Title: Accurate and Efficient Gene Function Prediction using a Multi-Bacterial Network
Presenter: Jeffrey N. Law
Research Group: Computational Systems Biology
Abstract: The dramatic decrease in sequencing costs has led to hundreds of thousands of newly characterized prokaryotic genomes. Unfortunately, fewer than 0.01% of genes in these genomes have had their functions determined experimentally. Therefore, many computational methods to supplement experimental functional annotations have been developed. Despite these efforts, as many as 40% of genes in sequenced genomes lack any experimentally-determined or computationally-predicted function. To address this gap, we seek to develop methods for gene function prediction that integrate heterogeneous data for multiple species while also operating on a genomewide scale. However, the large size of such multi-species networks pose a challenge for the scalability of current state-of-the-art methods which typically operate on a single species or a small group of genes at a time. Inspired by this challenge, we develop a novel iterative label propagation algorithm called FastSinkSource. By using mathematically-provable bounds on the rate of progress of FastSinkSource to develop a new convergence strategy, we decrease the running time by a factor of 100 or more without sacrificing prediction accuracy. We systematically compare and evaluate many approaches to construct a multi-species bacterial network and apply FastSinkSource along with other state-of- the-art methods to these networks. We find that by pre-computing scores for species with experimentally-validated annotations and then transferring those scores to other species, FastSinkSource is able to make the most accurate functional predictions for 200 bacterial species, taking under 4 minutes for this computation. Our results point to the feasibility and promise of multi-species, genomewide gene function prediction, especially as more experimental data and annotations become available for a diverse variety of organisms.
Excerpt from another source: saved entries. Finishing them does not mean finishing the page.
theorem mainTheorem5:
  fixes \<iota> :: "'a::{finite,field} \<Rightarrow> 'b::{finite,field}"
    and b :: "'b^'m"
    and g :: "'b^'n"
    and k s :: nat
    and V :: "'b set"
  assumes emb: "field_emb \<iota>"
    and basis: "is_Fq_basis \<iota> b"
    and nm: "CARD('n) \<le> CARD('m)"
    and g_indep: "inj (\<lambda>j. g $ j) \<and> \<not> module.dependent (escale \<iota>) (range (\<lambda>j. g $ j))"
    and k: "1 \<le> k" "k \<le> CARD('n)"
    and V_sub: "module.subspace (escale \<iota>) V"
    and V_dim: "vector_space.dim (escale \<iota>) V = s"
    and s: "0 < s" "s < CARD('m)"
  shows
    "(CARD('m) = CARD('n) \<longrightarrow>
        (\<exists>f :: 'b \<Rightarrow> 'a^'n^'n.
            inj f \<and> f 1 = mat 1
          \<and> (\<forall>x y. f (x + y) = f x + f y)
          \<and> (\<forall>x y. f (x * y) = f x ** f y)
          \<and> (\<forall>c x. f (\<iota> c * x) = mscale c (f x))
          \<and> range f \<subseteq> StabR (phiB_mat \<iota> b ` restrict_V (gabidulin TYPE('a) g k) V))
      \<and> mdim (StabR (phiB_mat \<iota> b ` restrict_V (gabidulin TYPE('a) g k) V)) \<ge> CARD('m))
   \<and> (\<forall>C :: ('b^'n) set. module.subspace (vscale \<iota>) C \<longrightarrow>
        mdim (AnnL (phiB_mat \<iota> b ` restrict_V C V)) \<ge> CARD('m) * (CARD('m) - s)
      \<and> mdim (StabL (phiB_mat \<iota> b ` restrict_V C V)) \<ge> CARD('m) * (CARD('m) - s) + 1)"
proof -
  interpret Fq_basis \<iota> b
    by unfold_locales (simp_all add: emb basis)
  show ?thesis
  proof (intro conjI impI allI)
    assume "CARD('m) = CARD('n)"
    then have g: "is_Fq_basis \<iota> g"
      using g_indep by (simp add: is_Fq_basis_of_card_eq)
    interpret G: Fq_basis \<iota> g by unfold_locales (rule g)
    show "\<exists>f :: 'b \<Rightarrow> 'a^'n^'n. inj f \<and> f 1 = mat 1 \<and> (\<forall>x y. f (x + y) = f x + f y)
        \<and> (\<forall>x y. f (x * y) = f x ** f y) \<and> (\<forall>c x. f (\<iota> c * x) = mscale c (f x))
        \<and> range f \<subseteq> StabR (phiB_mat \<iota> b ` restrict_V (gabidulin TYPE('a) g k) V)"
      using G.inj_mult_matrix G.mult_matrix_1 G.mult_matrix_add G.mult_matrix_mult
        G.mult_matrix_scale range_mult_matrix_subset_StabR[OF g V_sub]
      by (intro exI[of _ "mult_matrix \<iota> g"]) simp
    show "CARD('m) \<le> mdim (StabR (phiB_mat \<iota> b ` restrict_V (gabidulin TYPE('a) g k) V))"
      by (rule mdim_StabR_gabidulin_ge[OF g V_sub])
  next
    fix C :: "('b^'n) set"
    assume C: "module.subspace (vscale \<iota>) C"
    show "CARD('m) * (CARD('m) - s) \<le> mdim (AnnL (phiB_mat \<iota> b ` restrict_V C V))"
      using mdim_AnnL_ge[of V C] V_dim by simp
    have "V \<noteq> {0}"
      using V_dim s(1) by auto
    moreover have "0 \<in> C"
      using C by (rule zero_in_vscale_subspace)
    ultimately show "CARD('m) * (CARD('m) - s) + 1 \<le> mdim (StabL (phiB_mat \<iota> b ` restrict_V C V))"
      using mdim_StabL_ge[OF V_sub] V_dim by simp
  qed
qed

end
(* For a word a of length n and a letter c let pos_poly a c be the polynomial
   sum of x^(n-1-i) over the positions i with a!i = c.  The hash is linear in
   the random table:  h(a) = (sum over c of h1(c) * pos_poly a c) mod p.

   1. Since sum over c of pos_poly a c is the all-ones polynomial 1 + x + ... + x^(n-1),
      which has degree < deg p and is not divisible by p, distinct words a, a'
      admit two letters c, d whose 2x2 determinant
        pos_poly a c * pos_poly a' d - pos_poly a d * pos_poly a' c
      is nonzero modulo the irreducible p  (nonsingular_letter_pair).
   2. Fixing the table outside {c, d}, the values (h1 c, h1 d) enter the pair
      (h(a), h(a')) through this invertible matrix, so each target (y, y') is hit
      by exactly one pair of residues  (two_letter_update_unique).
   3. Counting tables with a unique free pair of coordinates
      (card_PiE_dflt_unique_pair) gives probability |F|^(|S|-2) / |F|^|S| = 4^(-L). *)

(* GF(2) is a field, hence trivially a Euclidean ring; these instances (the same
   as those for real, rat, complex in Field_as_Ring) make GF(2)[x] a factorial
   ring, so that irreducible polynomials are prime. *)

instantiation bit :: "{unique_euclidean_ring, normalization_euclidean_semiring,
                       normalization_semidom_multiplicative}"
begin
definition unit_factor_bit :: "bit \<Rightarrow> bit" where [simp]: "unit_factor_bit x = x"
definition normalize_bit :: "bit \<Rightarrow> bit" where [simp]: "normalize_bit x = x"
definition euclidean_size_bit :: "bit \<Rightarrow> nat" where
  [simp]: "euclidean_size_bit x = (if x = 0 then 0 else 1)"
definition division_segment_bit :: "bit \<Rightarrow> bit" where [simp]: "division_segment_bit x = 1"
instance
  by standard (auto simp: bit_not_zero_iff modulo_bit_unfold)
end
(* Suppose that for every integer $\ell \ge 4$, $\pi(K^3_\ell) = 1-\left(\frac{2}{\ell-1}\right)^2$ (Turán's conjecture). Then the stability number of $K_4^3$ is infinite, i.e. $\xi(K_4^3)=\infty$.
   Context: $K^3_\ell$ is the complete $3$-graph on $\ell$ vertices. For a family $\mathcal{F}$ of $r$-graphs ($r$-uniform hypergraphs), $\mathcal{F}$-free means containing no member of $\mathcal{F}$ as a subgraph, $\mathrm{ex}(n,\mathcal{F})$ is the maximum number of edges of an $\mathcal{F}$-free $r$-graph on $n$ vertices, and $\pi(\mathcal{F})=\lim_{n\to\infty}\mathrm{ex}(n,\mathcal{F})/\binom{n}{r}$. $t$-stable: for integers $r\ge2$, $t\ge1$, a family $\mathcal{F}$ of $r$-graphs is $t$-stable if there exist $m_0$ and, for every $m\ge m_0$, $r$-graphs $\mathcal{H}^1_m,\dots,\mathcal{H}^t_m$ on $m$ vertices such that: for every $\delta>0$ there exist $\epsilon>0$ and $n_0$ such that for all $n\ge n_0$, every $\mathcal{F}$-free $r$-graph $\mathcal{H}$ on $n$ vertices with $|\mathcal{H}|>(1-\epsilon)\mathrm{ex}(n,\mathcal{F})$ can be transformed into (an isomorphic copy of) some $\mathcal{H}^i_n$ by adding and removing at most $\delta|\mathcal{H}|$ edges. The stability number $\xi(\mathcal{F})$ is the minimum $t$ such that $\mathcal{F}$ is $t$-stable, and $\xi(\mathcal{F})=\infty$ if no such $t$ exists. *)

theory Defs
  imports Complex_Main "HOL-Library.Extended_Nat"
begin

text \<open>A (labelled) r-graph F on k vertices is represented by the pair (k, F).\<close>

definition is_rgraph :: "nat \<Rightarrow> nat \<Rightarrow> nat set set \<Rightarrow> bool" where
  "is_rgraph r n H \<longleftrightarrow> (\<forall>e\<in>H. e \<subseteq> {..<n} \<and> card e = r)"

definition contains_copy :: "nat \<Rightarrow> nat set set \<Rightarrow> nat \<Rightarrow> nat set set \<Rightarrow> bool" where
  "contains_copy n H k F \<longleftrightarrow>
     (\<exists>f. inj_on f {..<k} \<and> f ` {..<k} \<subseteq> {..<n} \<and> (\<forall>e\<in>F. f ` e \<in> H))"

definition family_free :: "(nat \<times> nat set set) set \<Rightarrow> nat \<Rightarrow> nat set set \<Rightarrow> bool" where
  "family_free \<F> n H \<longleftrightarrow> (\<forall>(k, F)\<in>\<F>. \<not> contains_copy n H k F)"

definition ex_num :: "nat \<Rightarrow> (nat \<times> nat set set) set \<Rightarrow> nat \<Rightarrow> nat" where
  "ex_num r \<F> n = Max {card H | H. is_rgraph r n H \<and> family_free \<F> n H}"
Title: Modeling and analysis of nutrient signaling in Saccharomyces cerevisiae
Presenter: Amogh Jalihal
Research Group: Computational Systems Biology
Abstract: The coordination of metabolism with nutrient availability is essential for the survival and proliferation of all cells. In yeast, this coordination is achieved by dedicated nutrient sensing and signaling pathways that converge on key regulatory proteins that govern nutrient specific stress and adaptation responses, as well as general growth responses. We study the nutrient signaling system in budding yeast by creating a literature-curated hypothesis on the regulatory network. We transform this network into a system of differential equations, and calibrate the behavior of this dynamical model with data curated from the literature. We next carry out an extensive parameter robustness analysis in order to study the constraints imposed by the experimental data. Using an ensemble of parameter sets discovered as a result of the robustness analysis, we use the model to make phenotypic predictions in a variety of gene deletion mutants in a range of nutrient conditions that, if validated experimentally, can help refine model structure. The model of nutrient signaling that we have proposed is well poised to serve as the interface between the regulation of cellular metabolism and key decision making processes like the cell cycle, entry into meiosis, and autophagy.